Want to make $58 an hour? Cut out convenience foods.

Spend an hour a year washing lettuce and you won't spend an extra $58 on the convenient, prewashed variety.

John Nordell / The Christian Science Monitor / File
Flats of green leaf and red leaf lettuce plants waited for customers at a farm stand in Sutton, Mass. Buying vegetables and washing them yourself can save you the equivalent of $50 over a year for an hour of work.

Every time I visit the grocery store, I’m amazed to see how much of the fresh produce aisle is taken up with prepackaged fresh foods. You know what I’m talking about – bags of prewashed lettuce, pre-cut apples, pre-cut celery, pre-cut pineapple, and so on.

I understand why such items are for sale – they’re convenient. It’s easier to just grab a bag of prewashed romaine lettuce than it is to grab a head of romaine and deal with it when you get home.

Yet, when you look at the prices, you’re actually paying a significant markup. Two bags of Dole romaine lettuce at my local grocer costs about the same as a single head of romaine. The bags cost about $4.50 together, while the head costs about $1.60 (with some variance, of course, due to weight, sales, and so on). By buying the head, you save $2.90 – or, from a different perspective, you’re paying $2.90 for the convenience of someone else washing your lettuce.

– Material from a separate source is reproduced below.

(* Let $\eta>0$, let $C$ be a cost vector, and let $S=\sum_{ij\in\mathcal E}\Big[\log\sum_{x_i,x_j\in\chi}e^{-\eta C_{ij}(x_i,x_j)}+\sum_{x_i,x_j\in\chi}\frac{\eta}{d^2}C_{ij}(x_i,x_j)\Big]+\sum_{i\in\mathcal V}\Big[\log\sum_{x\in\chi}e^{-\eta C_i(x)}+\sum_{x\in\chi}\frac{\eta}{d}C_i(x)\Big]$ and $\mathcal S_0=\min\big(\|\eta C/d+\exp(-\eta C)\|_1,\,S\big)$. For any $\epsilon>0$, the EMP algorithm (run with parameters $C,\eta,\epsilon$) reaches an iterate satisfying $\|\Gamma_{ij}\mathbb 1-\Gamma_i\|_1<\epsilon$ and $\|\Gamma_{ij}^\top\mathbb 1-\Gamma_j\|_1<\epsilon$ for all $ij\in\mathcal E$ within $\lceil 4\mathcal S_0(\deg(G)+1)/\epsilon^2\rceil$ iterations for EMP-cyclic and within $\lceil 4\mathcal S_0/\epsilon^2\rceil$ iterations for EMP-greedy.
   Context: Let $G=(\mathcal V,\mathcal E)$ be a graph with $\mathcal V=\{1,\dots,n\}$, every vertex on at least one edge, edges written as ordered pairs $ij$, $\deg(G)$ its maximum degree, and $\chi=\{0,\dots,d-1\}$. A marginal vector $\Gamma$ consists of $\Gamma_i\in\mathbb R^d$ ($i\in\mathcal V$) and $\Gamma_{ij}\in\mathbb R^{d\times d}$ ($ij\in\mathcal E$); a cost vector $C$ has the same shape; $\exp$ is entrywise, $\|\cdot\|_1$ is the sum of absolute values of all entries, $\mathbb 1$ is the all-ones vector. Define the following update maps on positive marginal vectors (all components not mentioned are unchanged): $\mathcal P_{ij\to i}$: $\Gamma_{ij}(x_i,x_j)\leftarrow\Gamma_{ij}(x_i,x_j)\sqrt{\Gamma_i(x_i)/\sum_x\Gamma_{ij}(x_i,x)}$, $\Gamma_i(x_i)\leftarrow\Gamma_i(x_i)\sqrt{\sum_x\Gamma_{ij}(x_i,x)/\Gamma_i(x_i)}$; $\mathcal P_{ij,i}$: divide $\Gamma_i$ and $\Gamma_{ij}$ each by the sum of its entries; $\mathcal P_{ij\to j}$: $\Gamma_{ij}(x_i,x_j)\leftarrow\Gamma_{ij}(x_i,x_j)\sqrt{\Gamma_j(x_j)/\sum_x\Gamma_{ij}(x,x_j)}$, $\Gamma_j(x_j)\leftarrow\Gamma_j(x_j)\sqrt{\sum_x\Gamma_{ij}(x,x_j)/\Gamma_j(x_j)}$; $\mathcal P_{ij,j}$: divide $\Gamma_j$ and $\Gamma_{ij}$ each by the sum of its entries. (These are the Bregman projections w.r.t. $\sum\Gamma(\log\Gamma-1)$ onto the sets where the row sums of $\Gamma_{ij}$ equal $\Gamma_i$, where $\Gamma_i$ and $\Gamma_{ij}$ sum to one, etc.) EMP starts from $\Gamma^{(1)}$ obtained from $\exp(-\eta C)$ by normalizing each $\Gamma_i$ and each $\Gamma_{ij}$ to sum to $1$. At iteration $k$, if $\max_{ij\in\mathcal E}\max\{\|\Gamma^{(k)}_{ij}\mathbb 1-\Gamma^{(k)}_i\|_1,\|(\Gamma^{(k)}_{ij})^\top\mathbb 1-\Gamma^{(k)}_j\|_1\}<\epsilon$ the algorithm stops and outputs the rounding $x_i=\arg\max_x\Gamma^{(k)}_i(x)$. Otherwise: EMP-cyclic applies, for each edge $ij\in\mathcal E$ in a fixed order, $\mathcal P_{ij,j}\circ\mathcal P_{ij\to j}\circ\mathcal P_{ij,i}\circ\mathcal P_{ij\to i}$, the result being $\Gamma^{(k+1)}$; EMP-greedy picks an edge $ij$ maximizing $\max\{\|\Gamma^{(k)}_{ij}\mathbb 1-\Gamma^{(k)}_i\|_1,\|(\Gamma^{(k)}_{ij})^\top\mathbb 1-\Gamma^{(k)}_j\|_1\}$ and sets $\Gamma^{(k+1)}=\mathcal P_{ij,i}\circ\mathcal P_{ij\to i}(\Gamma^{(k)})$ if $\|\Gamma^{(k)}_{ij}\mathbb 1-\Gamma^{(k)}_i\|_1>\|(\Gamma^{(k)}_{ij})^\top\mathbb 1-\Gamma^{(k)}_j\|_1$ and $\Gamma^{(k+1)}=\mathcal P_{ij,j}\circ\mathcal P_{ij\to j}(\Gamma^{(k)})$ otherwise. *)

theory Defs
  imports Complex_Main
begin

Is that really worth it? I bought a head of romaine lettuce myself, put it in one of those handy bags that they provide, and took it home with me. Upon arriving home, I set a stopwatch for myself, then chopped the leaves off of the head of lettuce, rinsed them thoroughly, rinsed the bag a bit (leaving some moisture inside), then put the leaves back in the bag, tying it. I then tossed the knife in the dishwasher and stopped the stopwatch.

Total time? Three minutes. Actually, it was just a bit shy of that.

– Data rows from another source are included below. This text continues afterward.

lemma rtranclp_imp_successively:
  "R\<^sup>*\<^sup>* u v \<Longrightarrow> \<exists>xs. xs \<noteq> [] \<and> hd xs = u \<and> last xs = v \<and> successively R xs"
proof (induction rule: converse_rtranclp_induct)
  case base
  show ?case
    by (intro exI[of _ "[v]"]) simp
next
  case (step u w)
  then obtain xs where "xs \<noteq> []" "hd xs = w" "last xs = v" "successively R xs"
    by blast
  with step.hyps(1) show ?case
    by (intro exI[of _ "u # xs"]) (auto simp: successively_Cons)
qed

lemma successively_preserves:
  assumes "successively R xs" "xs \<noteq> []" "P (hd xs)" "\<And>a b. R a b \<Longrightarrow> P a \<Longrightarrow> P b"
  shows "\<forall>a\<in>set xs. P a"
  using assms(1-3)
proof (induction xs rule: induct_list012)
  case (3 x y xs)
  have "R x y" "successively R (y # xs)" "P x"
    using "3.prems" by simp_all
  then have "P y"
    using assms(4) by blast
  then have "\<forall>a\<in>set (y # xs). P a"
    by (intro "3.IH"(2)) (use \<open>successively R (y # xs)\<close> in simp_all)
  with \<open>P x\<close> show ?case
    by simp
qed simp_all

lemma successively_last_le:
  fixes f :: "'a \<Rightarrow> int"
  assumes "successively R xs" "xs \<noteq> []"
    and "\<And>a b. a \<in> set xs \<Longrightarrow> b \<in> set xs \<Longrightarrow> R a b \<Longrightarrow> f b \<le> f a + c"
  shows "f (last xs) \<le> f (hd xs) + c * (int (length xs) - 1)"
  using assms
proof (induction xs rule: induct_list012)
  case (3 x y xs)
  have "R x y" "successively R (y # xs)"
    using "3.prems"(1) by simp_all
  have "f (last (y # xs)) \<le> f (hd (y # xs)) + c * (int (length (y # xs)) - 1)"
    by (rule "3.IH"(2)) (use \<open>successively R (y # xs)\<close> "3.prems"(3) in auto)
  moreover have "f y \<le> f x + c"
    using "3.prems"(3) \<open>R x y\<close> by simp
  ultimately show ?case
    by (simp add: algebra_simps)
qed simp_all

Let’s say over the course of the next year, I repeat the same action twenty times. I buy a head of romaine, put it in one of those bags from the store, take it home, chop it myself, and store it in that bag. Each time, I’m saving myself $2.90. Over the course of a year, I spend an hour chopping up the lettuce and save myself a total of $58.

The same holds true for all of those convenience foods.

Apple slices? I found apples I like at the store for $1.29 a pound, whereas pre-sliced apples added up to $4.76 a pound (I found four four-ounce bags of them for $1.19 each). I have a nice little apple slicer, so I’m able to slice up a few apples at dinnertime and completely clean up from it in about thirty seconds. My estimate on this is that buying un-cut apples saves me about $80 for every hour of apple-slicing I’m willing to do.

Celery sticks? I can buy a bag of celery for $1.49 or I can buy about three containers of pre-sliced sticks for $1.99 each. I spend about four minutes cutting the sticks and it saves me $3.47 – or about $52 over the course of a full hour.

I can go on and on with these items, but in each case the central idea is true: the convenience has a really, really high cost, much more than it might seem at first glance.

To me, this type of convenience food is a perfect example of how the little things really add up when it comes to personal finance. There are so many little conveniences that we pay for in life, whether it’s pre-sliced apples or take-out food or a lawn care service. When you actually step back and calculate the hourly rate that these things are costing you, it’s truly astounding. Yet people fill their lives with these conveniences and question those who skip out on them, then they wonder why it’s challenging to make ends meet.

Take a stand today. Slice your own vegetables. Then put that saved money aside for something for yourself.